De Afspraken van Anna (Chantal Akerman, 1978)

An image from the film The Meetings of Anna. Two women are sat in a booth in a café.

First released in 1975, Chantal Akerman's jaw-dropping masterpiece Jeanne Dielman, 23, quai du commerce, 1080 Bruxelles has since been voted the greatest film of all time; she followed it up with an avant-garde documentary, News from Home, before returning to narrative film with 1978's De Afspraken van Anna.  Variously known as Les Rendez-vous d'Anna and The Meetings of Anna, this introspective and contemplative film wasn't well received upon its initial release, but the decade since her death has seen much, if not all, of Akerman's work reappraised—hence Jeanne Dielman's meteoric rise in critical popularity—and De Afspraken van Anna has recently been restored in 4K by Belgium's Cinematek.

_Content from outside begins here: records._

(* Let $T$ be a split Leibniz triple system with symmetric root system $\Lambda^1$, suppose $\Lambda^0$ is symmetric, and fix $\alpha_0\in\Lambda^1$. Let $\alpha_1,\alpha_2,\alpha_3\in\Lambda^1_{\alpha_0}\cup\{0\}$ with $\alpha_1+\alpha_2+\alpha_3=0$ and let $\bar\epsilon\in\Lambda^1\setminus\Lambda^1_{\alpha_0}$. Then, with brackets computed in the standard embedding $L$: (1) $[\{T_{\alpha_1},T_{\alpha_2},T_{\alpha_3}\},T_{\bar\epsilon}]=0$; (2) if $\bar\epsilon\in\Lambda^0$, then $[\{T_{\alpha_1},T_{\alpha_2},T_{\alpha_3}\},L^0_{\bar\epsilon}]=0$; (3) $[[\{T_{\alpha_1},T_{\alpha_2},T_{\alpha_3}\},T_0],T_{\bar\epsilon}]=0$.
   Context: A Leibniz triple system is a vector space $T$ over a field $\mathbb{K}$ with a trilinear product $\{\cdot,\cdot,\cdot\}$ satisfying, for all $a,b,c,d,e\in T$: $\{a,\{b,c,d\},e\}=\{\{a,b,c\},d,e\}-\{\{a,c,b\},d,e\}-\{\{a,d,b\},c,e\}+\{\{a,d,c\},b,e\}$ and $\{a,b,\{c,d,e\}\}=\{\{a,b,c\},d,e\}-\{\{a,b,d\},c,e\}-\{\{a,b,e\},c,d\}+\{\{a,b,e\},d,c\}$. Its standard embedding is the right Leibniz algebra $L=L^0\oplus L^1$ ($L^0$ the span of symbols $x\otimes y$, $L^1=T$) with product $[(x\otimes y,z),(u\otimes v,w)]=(\{x,y,u\}\otimes v-\{x,y,v\}\otimes u+z\otimes w,\ \{x,y,w\}+\{z,u,v\}-\{z,v,u\})$; so $[x,y]=x\otimes y$ and $\{x,y,z\}=[[x,y],z]$ for $x,y,z\in T$. Let $H^0$ be a maximal abelian subalgebra of $L^0$; for $\alpha\in(H^0)^*$ put $T_\alpha=\{t\in T:[t,h]=\alpha(h)t\ \forall h\in H^0\}$, $L^0_\alpha=\{v\in L^0:[v,h]=\alpha(h)v\ \forall h\in H^0\}$, $\Lambda^1=\{\alpha\neq0:T_\alpha\neq0\}$, $\Lambda^0=\{\alpha\neq0:L^0_\alpha\neq0\}$. $T$ is split (w.r.t. $H^0$) if $T=T_0\oplus\bigoplus_{\alpha\in\Lambda^1}T_\alpha$, $\{T_0,T_0,T_0\}=0$ and $\{T_\alpha,T_{-\alpha},T_0\}=0$ for all $\alpha\in\Lambda^1$. A set $\Lambda\subset(H^0)^*$ is symmetric if $\alpha\in\Lambda$ implies $-\alpha\in\Lambda$. Two roots $\alpha,\beta\in\Lambda^1$ are connected if there is a family $\alpha_1,\dots,\alpha_{2n+1}\in\Lambda^1\cup\{0\}$ with: $\alpha_1+\dots+\alpha_{2k+1}\in\Lambda^1$ for $k=0,\dots,n$; $\alpha_1+\dots+\alpha_{2k}\in\Lambda^0$ for $k=1,\dots,n$; $\alpha_1=\alpha$ and $\alpha_1+\dots+\alpha_{2n+1}\in\{\beta,-\beta\}$. $\Lambda^1_{\alpha_0}$ denotes the set of $\beta\in\Lambda^1$ connected with $\alpha_0$. *)

theory Defs
  imports Main "HOL.Vector_Spaces"
begin

definition leibniz_triple_system ::
  "('k::field \<Rightarrow> 'v::ab_group_add \<Rightarrow> 'v) \<Rightarrow> ('v \<Rightarrow> 'v \<Rightarrow> 'v \<Rightarrow> 'v) \<Rightarrow> bool" where
  "leibniz_triple_system scale trip \<longleftrightarrow>
     vector_space scale \<and>
     (\<forall>b c. Vector_Spaces.linear scale scale (\<lambda>a. trip a b c)) \<and>
     (\<forall>a c. Vector_Spaces.linear scale scale (\<lambda>b. trip a b c)) \<and>
     (\<forall>a b. Vector_Spaces.linear scale scale (\<lambda>c. trip a b c)) \<and>
     (\<forall>a b c d e. trip a (trip b c d) e =
        trip (trip a b c) d e - trip (trip a c b) d e - trip (trip a d b) c e + trip (trip a d c) b e) \<and>
     (\<forall>a b c d e. trip a b (trip c d e) =
        trip (trip a b c) d e - trip (trip a b d) c e - trip (trip a b e) c d + trip (trip a b e) d c)"

text \<open>An element of L^0 is a finite sum of symbols x \<otimes> y, written as a list of pairs
  (scalars are absorbed into the first factor). Two formal sums are identified iff they
  act identically on T = L^1 from the left (w \<mapsto> [x\<otimes>y, w] = {x,y,w}) and from the
  right (z \<mapsto> [z, x\<otimes>y] = {z,x,y} - {z,y,x}). Thus L^0 is realised as the image of
  these formal sums under the map l0_img into pairs of maps T \<Rightarrow> T.\<close>

type_synonym 'v L0elem = "('v \<Rightarrow> 'v) \<times> ('v \<Rightarrow> 'v)"

definition l0_img :: "('v::ab_group_add \<Rightarrow> 'v \<Rightarrow> 'v \<Rightarrow> 'v) \<Rightarrow> ('v \<times> 'v) list \<Rightarrow> 'v L0elem" where
  "l0_img trip xs =
     ((\<lambda>w. sum_list (map (\<lambda>(x, y). trip x y w) xs)),
      (\<lambda>z. sum_list (map (\<lambda>(x, y). trip z x y - trip z y x) xs)))"

definition L0 :: "('v::ab_group_add \<Rightarrow> 'v \<Rightarrow> 'v \<Rightarrow> 'v) \<Rightarrow> 'v L0elem set" where
  "L0 trip = range (l0_img trip)"

definition l0_zero :: "'v::ab_group_add L0elem" where
  "l0_zero = ((\<lambda>_. 0), (\<lambda>_. 0))"

definition l0_add :: "'v::ab_group_add L0elem \<Rightarrow> 'v L0elem \<Rightarrow> 'v L0elem" where
  "l0_add D E = ((\<lambda>w. fst D w + fst E w), (\<lambda>z. snd D z + snd E z))"

definition l0_scale :: "('k \<Rightarrow> 'v \<Rightarrow> 'v) \<Rightarrow> 'k \<Rightarrow> 'v L0elem \<Rightarrow> 'v L0elem" where
  "l0_scale scale a D = ((\<lambda>w. scale a (fst D w)), (\<lambda>z. scale a (snd D z)))"

text \<open>Product of formal sums in L^0:
  [x\<otimes>y, u\<otimes>v] = {x,y,u}\<otimes>v - {x,y,v}\<otimes>u.\<close>

definition brk_rep :: "('v::ab_group_add \<Rightarrow> 'v \<Rightarrow> 'v \<Rightarrow> 'v) \<Rightarrow> ('v \<times> 'v) list \<Rightarrow> ('v \<times> 'v) list \<Rightarrow> ('v \<times> 'v) list" where
  "brk_rep trip xs ys =
     concat (map (\<lambda>(x, y). concat (map (\<lambda>(u, v). [(trip x y u, v), (- trip x y v, u)]) ys)) xs)"

definition br_L0L0 :: "('v::ab_group_add \<Rightarrow> 'v \<Rightarrow> 'v \<Rightarrow> 'v) \<Rightarrow> 'v L0elem \<Rightarrow> 'v L0elem \<Rightarrow> 'v L0elem" where
  "br_L0L0 trip D E =
     l0_img trip (brk_rep trip (SOME xs. l0_img trip xs = D) (SOME ys. l0_img trip ys = E))"

definition br_TT :: "('v::ab_group_add \<Rightarrow> 'v \<Rightarrow> 'v \<Rightarrow> 'v) \<Rightarrow> 'v \<Rightarrow> 'v \<Rightarrow> 'v L0elem" where
  "br_TT trip x y = l0_img trip [(x, y)]"

definition br_L0T :: "'v L0elem \<Rightarrow> 'v \<Rightarrow> 'v" where
  "br_L0T D w = fst D w"

definition br_TL0 :: "'v \<Rightarrow> 'v L0elem \<Rightarrow> 'v" where
  "br_TL0 z D = snd D z"

definition abelian_subalg_L0 ::
  "('k \<Rightarrow> 'v::ab_group_add \<Rightarrow> 'v) \<Rightarrow> ('v \<Rightarrow> 'v \<Rightarrow> 'v \<Rightarrow> 'v) \<Rightarrow> 'v L0elem set \<Rightarrow> bool" where
  "abelian_subalg_L0 scale trip H \<longleftrightarrow>
     H \<subseteq> L0 trip \<and> l0_zero \<in> H \<and>
     (\<forall>h\<in>H. \<forall>h'\<in>H. l0_add h h' \<in> H) \<and>
     (\<forall>a. \<forall>h\<in>H. l0_scale scale a h \<in> H) \<and>
     (\<forall>h\<in>H. \<forall>h'\<in>H. br_L0L0 trip h h' = l0_zero)"

definition max_abelian_subalg_L0 ::
  "('k \<Rightarrow> 'v::ab_group_add \<Rightarrow> 'v) \<Rightarrow> ('v \<Rightarrow> 'v \<Rightarrow> 'v \<Rightarrow> 'v) \<Rightarrow> 'v L0elem set \<Rightarrow> bool" where
  "max_abelian_subalg_L0 scale trip H \<longleftrightarrow>
     abelian_subalg_L0 scale trip H \<and>
     (\<forall>H'. abelian_subalg_L0 scale trip H' \<and> H \<subseteq> H' \<longrightarrow> H' = H)"

text \<open>(H^0)^*: linear functionals on H^0; normalised to be 0 outside H^0 so that
  equality of functionals is equality of HOL functions.\<close>

definition dual_H ::
  "('k::field \<Rightarrow> 'v::ab_group_add \<Rightarrow> 'v) \<Rightarrow> 'v L0elem set \<Rightarrow> ('v L0elem \<Rightarrow> 'k) set" where
  "dual_H scale H = {\<alpha>.
     (\<forall>h\<in>H. \<forall>h'\<in>H. \<alpha> (l0_add h h') = \<alpha> h + \<alpha> h') \<and>
     (\<forall>a. \<forall>h\<in>H. \<alpha> (l0_scale scale a h) = a * \<alpha> h) \<and>
     (\<forall>x. x \<notin> H \<longrightarrow> \<alpha> x = 0)}"

definition T_root ::
  "('k \<Rightarrow> 'v::ab_group_add \<Rightarrow> 'v) \<Rightarrow> 'v L0elem set \<Rightarrow> ('v L0elem \<Rightarrow> 'k) \<Rightarrow> 'v set" where
  "T_root scale H \<alpha> = {t. \<forall>h\<in>H. br_TL0 t h = scale (\<alpha> h) t}"

definition L0_root ::
  "('k \<Rightarrow> 'v::ab_group_add \<Rightarrow> 'v) \<Rightarrow> ('v \<Rightarrow> 'v \<Rightarrow> 'v \<Rightarrow> 'v) \<Rightarrow> 'v L0elem set \<Rightarrow>
     ('v L0elem \<Rightarrow> 'k) \<Rightarrow> 'v L0elem set" where
  "L0_root scale trip H \<alpha> = {v \<in> L0 trip. \<forall>h\<in>H. br_L0L0 trip v h = l0_scale scale (\<alpha> h) v}"

definition Lambda1 ::
  "('k::field \<Rightarrow> 'v::ab_group_add \<Rightarrow> 'v) \<Rightarrow> 'v L0elem set \<Rightarrow> ('v L0elem \<Rightarrow> 'k) set" where
  "Lambda1 scale H = {\<alpha> \<in> dual_H scale H. \<alpha> \<noteq> (\<lambda>_. 0) \<and> T_root scale H \<alpha> \<noteq> {0}}"

definition Lambda0 ::
  "('k::field \<Rightarrow> 'v::ab_group_add \<Rightarrow> 'v) \<Rightarrow> ('v \<Rightarrow> 'v \<Rightarrow> 'v \<Rightarrow> 'v) \<Rightarrow> 'v L0elem set \<Rightarrow>
     ('v L0elem \<Rightarrow> 'k) set" where
  "Lambda0 scale trip H = {\<alpha> \<in> dual_H scale H. \<alpha> \<noteq> (\<lambda>_. 0) \<and> L0_root scale trip H \<alpha> \<noteq> {l0_zero}}"

definition symmetric_roots :: "('a \<Rightarrow> 'k::ab_group_add) set \<Rightarrow> bool" where
  "symmetric_roots \<Lambda> \<longleftrightarrow> (\<forall>\<alpha>\<in>\<Lambda>. (\<lambda>h. - \<alpha> h) \<in> \<Lambda>)"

De Afspraken van Anna is an exploration of loneliness, disconnection and the search for meaning in a transient world.  The film focuses on, yep, Anna (Aurore Clément), a Belgian filmmaker and proxy for Akerman, as she treks across Europe to promote her latest movie.  The narrative structure is episodic, with Anna meeting various people over the course of her endless train journeys, including friends, strangers, lovers and relatives; each encounter reveals a different facet of Anna's interior life, but her sense of isolation remains constant.  These lengthy conversations are often marked by a lack of emotional connection—at least on Anna's part—reflecting the title character's own detachment from the world around her.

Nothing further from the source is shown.